RECORDED INFORMATION |
=== Begin Enclosure ===
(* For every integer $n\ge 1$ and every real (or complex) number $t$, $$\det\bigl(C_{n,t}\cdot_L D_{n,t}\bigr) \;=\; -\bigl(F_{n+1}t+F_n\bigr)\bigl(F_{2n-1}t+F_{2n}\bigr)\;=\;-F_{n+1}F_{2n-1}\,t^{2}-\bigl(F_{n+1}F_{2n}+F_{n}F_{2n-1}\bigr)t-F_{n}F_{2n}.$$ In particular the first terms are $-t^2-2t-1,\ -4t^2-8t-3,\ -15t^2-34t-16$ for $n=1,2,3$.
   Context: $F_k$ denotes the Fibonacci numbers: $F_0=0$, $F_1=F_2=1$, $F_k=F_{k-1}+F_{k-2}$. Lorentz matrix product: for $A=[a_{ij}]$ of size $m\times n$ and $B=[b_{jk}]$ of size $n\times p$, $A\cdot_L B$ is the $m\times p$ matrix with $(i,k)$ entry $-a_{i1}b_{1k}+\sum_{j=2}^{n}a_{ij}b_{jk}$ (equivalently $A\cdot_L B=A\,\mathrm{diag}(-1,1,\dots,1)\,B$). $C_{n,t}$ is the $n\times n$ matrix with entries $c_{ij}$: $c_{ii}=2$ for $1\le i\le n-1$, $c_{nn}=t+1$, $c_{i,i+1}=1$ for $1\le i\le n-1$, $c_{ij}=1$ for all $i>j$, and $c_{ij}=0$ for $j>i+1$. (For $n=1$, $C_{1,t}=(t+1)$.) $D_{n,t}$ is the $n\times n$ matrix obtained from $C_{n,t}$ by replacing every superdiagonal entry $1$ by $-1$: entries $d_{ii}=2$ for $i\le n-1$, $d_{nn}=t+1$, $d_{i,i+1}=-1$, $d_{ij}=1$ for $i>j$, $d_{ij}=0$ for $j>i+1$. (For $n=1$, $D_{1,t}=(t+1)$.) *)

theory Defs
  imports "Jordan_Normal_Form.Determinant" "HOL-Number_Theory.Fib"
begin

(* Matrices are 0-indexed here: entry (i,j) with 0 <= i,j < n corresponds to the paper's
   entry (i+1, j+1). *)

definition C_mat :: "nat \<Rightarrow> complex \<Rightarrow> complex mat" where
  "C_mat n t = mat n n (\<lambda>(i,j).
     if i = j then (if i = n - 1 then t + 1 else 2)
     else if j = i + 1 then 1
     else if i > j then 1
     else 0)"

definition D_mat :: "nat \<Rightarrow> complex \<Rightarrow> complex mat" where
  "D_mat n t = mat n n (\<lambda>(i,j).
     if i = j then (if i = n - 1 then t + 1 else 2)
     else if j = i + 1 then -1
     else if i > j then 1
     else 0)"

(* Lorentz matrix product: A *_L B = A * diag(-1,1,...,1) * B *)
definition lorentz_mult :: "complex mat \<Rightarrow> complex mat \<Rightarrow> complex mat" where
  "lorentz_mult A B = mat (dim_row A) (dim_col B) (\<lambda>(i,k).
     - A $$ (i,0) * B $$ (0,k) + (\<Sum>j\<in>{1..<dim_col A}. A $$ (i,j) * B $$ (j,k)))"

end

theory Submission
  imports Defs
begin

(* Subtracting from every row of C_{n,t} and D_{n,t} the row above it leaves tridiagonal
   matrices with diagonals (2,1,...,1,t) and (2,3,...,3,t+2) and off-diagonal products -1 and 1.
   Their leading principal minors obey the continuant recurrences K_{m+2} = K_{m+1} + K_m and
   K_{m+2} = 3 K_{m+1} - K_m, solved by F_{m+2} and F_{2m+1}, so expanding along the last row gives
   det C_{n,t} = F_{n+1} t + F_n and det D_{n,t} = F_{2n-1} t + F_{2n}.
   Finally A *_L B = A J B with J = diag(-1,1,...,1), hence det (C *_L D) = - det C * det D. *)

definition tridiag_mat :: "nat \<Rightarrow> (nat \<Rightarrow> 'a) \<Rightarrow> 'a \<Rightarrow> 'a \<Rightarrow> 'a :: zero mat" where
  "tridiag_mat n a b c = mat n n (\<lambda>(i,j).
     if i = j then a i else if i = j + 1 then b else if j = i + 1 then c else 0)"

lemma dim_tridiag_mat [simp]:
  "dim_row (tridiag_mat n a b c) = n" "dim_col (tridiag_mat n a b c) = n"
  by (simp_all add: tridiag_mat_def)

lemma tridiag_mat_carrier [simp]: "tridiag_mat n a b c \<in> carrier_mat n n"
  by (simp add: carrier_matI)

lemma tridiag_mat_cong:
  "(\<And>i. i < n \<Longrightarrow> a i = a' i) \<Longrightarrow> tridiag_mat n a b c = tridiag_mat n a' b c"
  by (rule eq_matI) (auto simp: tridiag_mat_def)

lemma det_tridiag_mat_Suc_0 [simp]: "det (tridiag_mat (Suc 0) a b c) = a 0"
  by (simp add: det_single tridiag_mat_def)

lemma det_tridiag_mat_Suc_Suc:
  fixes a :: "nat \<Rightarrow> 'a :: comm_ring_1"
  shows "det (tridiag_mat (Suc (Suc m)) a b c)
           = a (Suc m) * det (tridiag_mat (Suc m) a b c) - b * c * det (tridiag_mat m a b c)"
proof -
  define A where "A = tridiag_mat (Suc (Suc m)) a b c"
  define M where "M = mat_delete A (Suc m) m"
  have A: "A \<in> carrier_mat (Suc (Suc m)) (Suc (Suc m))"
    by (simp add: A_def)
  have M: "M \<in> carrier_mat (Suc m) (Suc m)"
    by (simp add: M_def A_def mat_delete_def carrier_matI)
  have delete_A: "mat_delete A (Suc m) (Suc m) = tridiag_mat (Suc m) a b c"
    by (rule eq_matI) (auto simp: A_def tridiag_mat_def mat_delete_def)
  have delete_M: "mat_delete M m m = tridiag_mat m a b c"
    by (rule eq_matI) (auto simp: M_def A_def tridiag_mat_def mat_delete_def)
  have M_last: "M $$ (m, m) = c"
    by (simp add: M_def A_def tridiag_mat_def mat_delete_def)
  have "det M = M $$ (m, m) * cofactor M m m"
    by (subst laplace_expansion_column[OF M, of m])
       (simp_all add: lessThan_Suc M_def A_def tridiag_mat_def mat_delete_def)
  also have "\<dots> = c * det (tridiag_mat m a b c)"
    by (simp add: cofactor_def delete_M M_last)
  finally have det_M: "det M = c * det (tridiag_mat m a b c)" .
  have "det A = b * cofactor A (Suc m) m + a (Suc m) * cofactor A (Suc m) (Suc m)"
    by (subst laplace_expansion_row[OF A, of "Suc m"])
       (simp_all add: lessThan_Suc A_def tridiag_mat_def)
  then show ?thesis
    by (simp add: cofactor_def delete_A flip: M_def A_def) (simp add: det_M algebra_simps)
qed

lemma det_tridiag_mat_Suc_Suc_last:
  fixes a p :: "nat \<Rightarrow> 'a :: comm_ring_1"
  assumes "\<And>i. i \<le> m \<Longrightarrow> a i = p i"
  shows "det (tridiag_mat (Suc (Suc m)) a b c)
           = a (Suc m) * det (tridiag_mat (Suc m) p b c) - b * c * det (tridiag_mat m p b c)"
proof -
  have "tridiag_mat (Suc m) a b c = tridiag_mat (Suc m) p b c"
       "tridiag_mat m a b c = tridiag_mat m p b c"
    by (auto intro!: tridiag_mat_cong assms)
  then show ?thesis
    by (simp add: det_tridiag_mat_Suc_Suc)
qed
=== End Enclosure ===
WHAT IS REQUIRED |
A verbatim copy of every entry is required.

TASK RESPONSE |
(* For every integer $n\ge 1$ and every real (or complex) number $t$, $$\det\bigl(C_{n,t}\cdot_L D_{n,t}\bigr) \;=\; -\bigl(F_{n+1}t+F_n\bigr)\bigl(F_{2n-1}t+F_{2n}\bigr)\;=\;-F_{n+1}F_{2n-1}\,t^{2}-\bigl(F_{n+1}F_{2n}+F_{n}F_{2n-1}\bigr)t-F_{n}F_{2n}.$$ In particular the first terms are $-t^2-2t-1,\ -4t^2-8t-3,\ -15t^2-34t-16$ for $n=1,2,3$.
   Context: $F_k$ denotes the Fibonacci numbers: $F_0=0$, $F_1=F_2=1$, $F_k=F_{k-1}+F_{k-2}$. Lorentz matrix product: for $A=[a_{ij}]$ of size $m\times n$ and $B=[b_{jk}]$ of size $n\times p$, $A\cdot_L B$ is the $m\times p$ matrix with $(i,k)$ entry $-a_{i1}b_{1k}+\sum_{j=2}^{n}a_{ij}b_{jk}$ (equivalently $A\cdot_L B=A\,\mathrm{diag}(-1,1,\dots,1)\,B$). $C_{n,t}$ is the $n\times n$ matrix with entries $c_{ij}$: $c_{ii}=2$ for $1\le i\le n-1$, $c_{nn}=t+1$, $c_{i,i+1}=1$ for $1\le i\le n-1$, $c_{ij}=1$ for all $i>j$, and $c_{ij}=0$ for $j>i+1$. (For $n=1$, $C_{1,t}=(t+1)$.) $D_{n,t}$ is the $n\times n$ matrix obtained from $C_{n,t}$ by replacing every superdiagonal entry $1$ by $-1$: entries $d_{ii}=2$ for $i\le n-1$, $d_{nn}=t+1$, $d_{i,i+1}=-1$, $d_{ij}=1$ for $i>j$, $d_{ij}=0$ for $j>i+1$. (For $n=1$, $D_{1,t}=(t+1)$.) *)

theory Defs
  imports "Jordan_Normal_Form.Determinant" "HOL-Number_Theory.Fib"
begin

(* Matrices are 0-indexed here: entry (i,j) with 0 <= i,j < n corresponds to the paper's
   entry (i+1, j+1). *)

definition C_mat :: "nat \<Rightarrow> complex \<Rightarrow> complex mat" where
  "C_mat n t = mat n n (\<lambda>(i,j).
     if i = j then (if i = n - 1 then t + 1 else 2)
     else if j = i + 1 then 1
     else if i > j then 1
     else 0)"

definition D_mat :: "nat \<Rightarrow> complex \<Rightarrow> complex mat" where
  "D_mat n t = mat n n (\<lambda>(i,j).
     if i = j then (if i = n - 1 then t + 1 else 2)
     else if j = i + 1 then -1
     else if i > j then 1
     else 0)"

(* Lorentz matrix product: A *_L B = A * diag(-1,1,...,1) * B *)
definition lorentz_mult :: "complex mat \<Rightarrow> complex mat \<Rightarrow> complex mat" where
  "lorentz_mult A B = mat (dim_row A) (dim_col B) (\<lambda>(i,k).
     - A $$ (i,0) * B $$ (0,k) + (\<Sum>j\<in>{1..<dim_col A}. A $$ (i,j) * B $$ (j,k)))"

end

theory Submission
  imports Defs
begin

(* Subtracting from every row of C_{n,t} and D_{n,t} the row above it leaves tridiagonal
   matrices with diagonals (2,1,...,1,t) and (2,3,...,3,t+2) and off-diagonal products -1 and 1.
   Their leading principal minors obey the continuant recurrences K_{m+2} = K_{m+1} + K_m and
   K_{m+2} = 3 K_{m+1} - K_m, solved by F_{m+2} and F_{2m+1}, so expanding along the last row gives
   det C_{n,t} = F_{n+1} t + F_n and det D_{n,t} = F_{2n-1} t + F_{2n}.
   Finally A *_L B = A J B with J = diag(-1,1,...,1), hence det (C *_L D) = - det C * det D. *)

definition tridiag_mat :: "nat \<Rightarrow> (nat \<Rightarrow> 'a) \<Rightarrow> 'a \<Rightarrow> 'a \<Rightarrow> 'a :: zero mat" where
  "tridiag_mat n a b c = mat n n (\<lambda>(i,j).
     if i = j then a i else if i = j + 1 then b else if j = i + 1 then c else 0)"

lemma dim_tridiag_mat [simp]:
  "dim_row (tridiag_mat n a b c) = n" "dim_col (tridiag_mat n a b c) = n"
  by (simp_all add: tridiag_mat_def)

lemma tridiag_mat_carrier [simp]: "tridiag_mat n a b c \<in> carrier_mat n n"
  by (simp add: carrier_matI)

lemma tridiag_mat_cong:
  "(\<And>i. i < n \<Longrightarrow> a i = a' i) \<Longrightarrow> tridiag_mat n a b c = tridiag_mat n a' b c"
  by (rule eq_matI) (auto simp: tridiag_mat_def)

lemma det_tridiag_mat_Suc_0 [simp]: "det (tridiag_mat (Suc 0) a b c) = a 0"
  by (simp add: det_single tridiag_mat_def)

lemma det_tridiag_mat_Suc_Suc:
  fixes a :: "nat \<Rightarrow> 'a :: comm_ring_1"
  shows "det (tridiag_mat (Suc (Suc m)) a b c)
           = a (Suc m) * det (tridiag_mat (Suc m) a b c) - b * c * det (tridiag_mat m a b c)"
proof -
  define A where "A = tridiag_mat (Suc (Suc m)) a b c"
  define M where "M = mat_delete A (Suc m) m"
  have A: "A \<in> carrier_mat (Suc (Suc m)) (Suc (Suc m))"
    by (simp add: A_def)
  have M: "M \<in> carrier_mat (Suc m) (Suc m)"
    by (simp add: M_def A_def mat_delete_def carrier_matI)
  have delete_A: "mat_delete A (Suc m) (Suc m) = tridiag_mat (Suc m) a b c"
    by (rule eq_matI) (auto simp: A_def tridiag_mat_def mat_delete_def)
  have delete_M: "mat_delete M m m = tridiag_mat m a b c"
    by (rule eq_matI) (auto simp: M_def A_def tridiag_mat_def mat_delete_def)
  have M_last: "M $$ (m, m) = c"
    by (simp add: M_def A_def tridiag_mat_def mat_delete_def)
  have "det M = M $$ (m, m) * cofactor M m m"
    by (subst laplace_expansion_column[OF M, of m])
       (simp_all add: lessThan_Suc M_def A_def tridiag_mat_def mat_delete_def)
  also have "\<dots> = c * det (tridiag_mat m a b c)"
    by (simp add: cofactor_def delete_M M_last)
  finally have det_M: "det M = c * det (tridiag_mat m a b c)" .
  have "det A = b * cofactor A (Suc m) m + a (Suc m) * cofactor A (Suc m) (Suc m)"
    by (subst laplace_expansion_row[OF A, of "Suc m"])
       (simp_all add: lessThan_Suc A_def tridiag_mat_def)
  then show ?thesis
    by (simp add: cofactor_def delete_A flip: M_def A_def) (simp add: det_M algebra_simps)
qed

lemma det_tridiag_mat_Suc_Suc_last:
  fixes a p :: "nat \<Rightarrow> 'a :: comm_ring_1"
  assumes "\<And>i. i \<le> m \<Longrightarrow> a i = p i"
  shows "det (tridiag_mat (Suc (Suc m)) a b c)
           = a (Suc m) * det (tridiag_mat (Suc m) p b c) - b * c * det (tridiag_mat m p b c)"
proof -
  have "tridiag_mat (Suc m) a b c = tridiag_mat (Suc m) p b c"
       "tridiag_mat m a b c = tridiag_mat m p b c"
    by (auto intro!: tridiag_mat_cong assms)
  then show ?thesis
    by (simp add: det_tridiag_mat_Suc_Suc)
qed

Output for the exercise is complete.